В наше время, однако, все более выплывает из-под спуда деятельность современников, потонувшая в лучах славы «Истории государства Российского». Вместе с тем становится все яснее, что то, что казалось причинной связью, есть не более как простое хронологическое совпадение. В нашей исторической науке, действительно, совершился переворот в эти немногие годы. Любопытство дилетанта быстро уступило в ней место научному интересу исследователя; и задачи, и приемы исследования совершенно видоизменились. Но это быстрое развитие науки шло не через «Историю государства Российского», а мимо нее. Всматриваясь внимательнее в состав нового поколения исследователей, мы не найдем между ними ни одного ученика Карамзина, хотя некоторые из них, с появлением «Истории государства Российского», и сделались, — с большими или меньшими оговорками, — ее поклонниками. Историограф держал этих своих поклонников-специалистов в почтительном отдалении, снисходительно пользуясь их материалами, замечаниями и поправками, но не давая почти ничего взамен. Уже по этой причине он не мог иметь учеников и должен был остаться в стороне от текущего движения ученой жизни. Припомним, что к тому же приводили и внешние условия его ученой деятельности. Все время сочинения своих первых восьми томов он провел взаперти, в подмосковной деревне, а остальные годы до своей смерти прожил в Петербурге, далеко от Московского университета и от тех сфер, где сосредоточилась ученая работа и ученый обмен мыслей.

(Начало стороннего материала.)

text \<open>Read a diagram through its columns: its size is the sum of the column lengths and twice
  its content is the sum of 2 j x - x^2 - x over the columns, x being the length of column j.
  Passing from \<tau> to the core removes column d = j_s, of length a, and lengthens each of the
  d - 1 columns before it by one; rec then inserts a column of length L = a + l at a position
  k \<le> d and shortens each column before it by one. Tracking these columnwise changes gives
  |\<mu>| - |\<tau>| = d - k + l > 0, and, since s = |\<tau>| - 1 + d - a, the identity
  2 (f \<mu> - f \<tau>) = 2 s (|\<mu>| - |\<tau>|) is a polynomial identity in |\<tau>|, a, d, k, l.\<close>

lemma young_antimono:
  assumes "young c" "1 \<le> i" "i \<le> j"
  shows "c j \<le> c i"
  using assms(3,2)
proof (induction j rule: dec_induct)
  case (step n)
  then show ?case using assms(1) unfolding young_def by (metis le_trans)
qed simp

text \<open>Twice the content of a column of length x in position j.\<close>
definition column_content :: "nat \<Rightarrow> nat \<Rightarrow> int" where
  "column_content x j = 2 * int j * int x - int x ^ 2 - int x"

lemma sum_double_content_column:
  "(\<Sum>i\<in>{1..x}. 2 * (int j - int i)) = column_content x j"
  unfolding column_content_def by (induction x) (auto simp: power2_eq_square algebra_simps)

lemma column_content_0 [simp]: "column_content 0 j = 0"
  by (simp add: column_content_def)

lemma column_content_Suc:
  "column_content (Suc x) j = column_content x j + 2 * int j - 2 * int x - 2"
  by (simp add: column_content_def power2_eq_square algebra_simps)

lemma column_content_Suc_column:
  "column_content x (Suc j) = column_content x j + 2 * int x"
  by (simp add: column_content_def algebra_simps)

lemma sum_double_atLeastLessThan: "(\<Sum>j\<in>{1..<d}. 2 * int j) = int d * (int d - 1)"
proof (induction d)
  case (Suc d)
  then show ?case by (cases "d = 0") (auto simp: sum.atLeastLessThan_Suc algebra_simps)
qed simp

lemma cells_eq_columns:
  assumes "\<forall>j>M. c j = 0"
  shows "cells c = (\<lambda>(j, i). (i, j)) ` (SIGMA j:{1..M}. {1..c j})"
proof -
  have "j \<le> M" if "(i, j) \<in> cells c" for i j
    using assms that unfolding cells_def by (cases "j \<le> M") auto
  then show ?thesis unfolding cells_def by (auto simp: image_def)
qed

lemma ysize_eq_sum:
  assumes "\<forall>j>M. c j = 0"
  shows "int (ysize c) = (\<Sum>j\<in>{1..M}. int (c j))"
proof -
  have "ysize c = card (SIGMA j:{1..M}. {1..c j})"
    unfolding ysize_def cells_eq_columns[OF assms] by (rule card_image[OF swap_inj_on])
  then show ?thesis by simp
qed

lemma double_content_eq_sum:
  assumes "\<forall>j>M. c j = 0"
  shows "2 * content c = (\<Sum>j\<in>{1..M}. column_content (c j) j)"
proof -
  have "content c = (\<Sum>(j, i)\<in>(SIGMA j:{1..M}. {1..c j}). int j - int i)"
    unfolding content_def cells_eq_columns[OF assms]
    by (subst sum.reindex[OF swap_inj_on]) (simp add: case_prod_unfold)
  also have "\<dots> = (\<Sum>j\<in>{1..M}. \<Sum>i\<in>{1..c j}. int j - int i)"
    by (subst sum.Sigma) auto
  finally have "2 * content c = (\<Sum>j\<in>{1..M}. \<Sum>i\<in>{1..c j}. 2 * (int j - int i))"
    by (simp add: sum_distrib_left)
  then show ?thesis by (simp only: sum_double_content_column)
qed

lemma double_fval: "2 * fval c = int (ysize c) ^ 2 - int (ysize c) + 2 * content c"
proof -
  have "even (int (ysize c) ^ 2 - int (ysize c))"
    by (simp add: power2_eq_square)
  then show ?thesis unfolding fval_def by simp
qed

lemma jidx_eq:
  assumes "young c" "1 \<le> j"
  shows "jidx c (int (ysize c) - 1 + int j - int (c j)) = j"
  unfolding jidx_def
proof (rule the_equality)
  fix j' assume j': "1 \<le> j' \<and> int (ysize c) - 1 + int j - int (c j) = int (ysize c) - 1 + int j' - int (c j')"
  have "int i - int (c i) < int i' - int (c i')" if "1 \<le> i" "i < i'" for i i'
    using young_antimono[OF assms(1) that(1), of i'] that by linarith
  from this[of j j'] this[of j' j] show "j' = j"
    using assms(2) j' by (cases j j' rule: linorder_cases) auto
qed (use assms in simp)

lemma core_support:
  assumes "\<forall>j>N. c j = 0"
  shows "\<forall>j>N + jidx c s. core c s j = 0"
  using assms unfolding core_def by auto

lemma young_core:
  assumes "young c"
  shows "young (core c s)"
proof -
  obtain N where N: "\<forall>j>N. c j = 0" using assms unfolding young_def by blast
  have "core c s (Suc j) \<le> core c s j" if "j \<ge> 1" for j
    using that young_antimono[OF assms, of j "Suc (Suc j)"] young_antimono[OF assms, of j "Suc j"]
      young_antimono[OF assms, of "Suc j" "Suc (Suc j)"]
    unfolding core_def by auto
  with core_support[OF N] show ?thesis unfolding young_def by blast
qed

Таким образом, чтобы установить преемственную связь явлений нашей историографии, мы должны оставить в стороне историографа и его «Историю» и обратиться к деятельности его современников, — более скромной, конечно, но зато носившей более очередной характер в развитии нашей науки. Писать «Историю», пока не собраны, не очищены, не изданы источники, казалось большинству этих современников сумасбродным предприятием; взяться за него — значило для них отступить от строгих требований критической истории, установившихся в русской науке со времени Шлецера. Не исторический рассказ, а критические издания источников были, с этой точки зрения, ближайшей задачей русской исторической науки.

Восемнадцатый век завещал в этом отношении девятнадцатому два начатых, но не оконченных предприятия: издание летописей и издание актов. Оба предприятия и становятся исходными точками ученой работы нашего столетия.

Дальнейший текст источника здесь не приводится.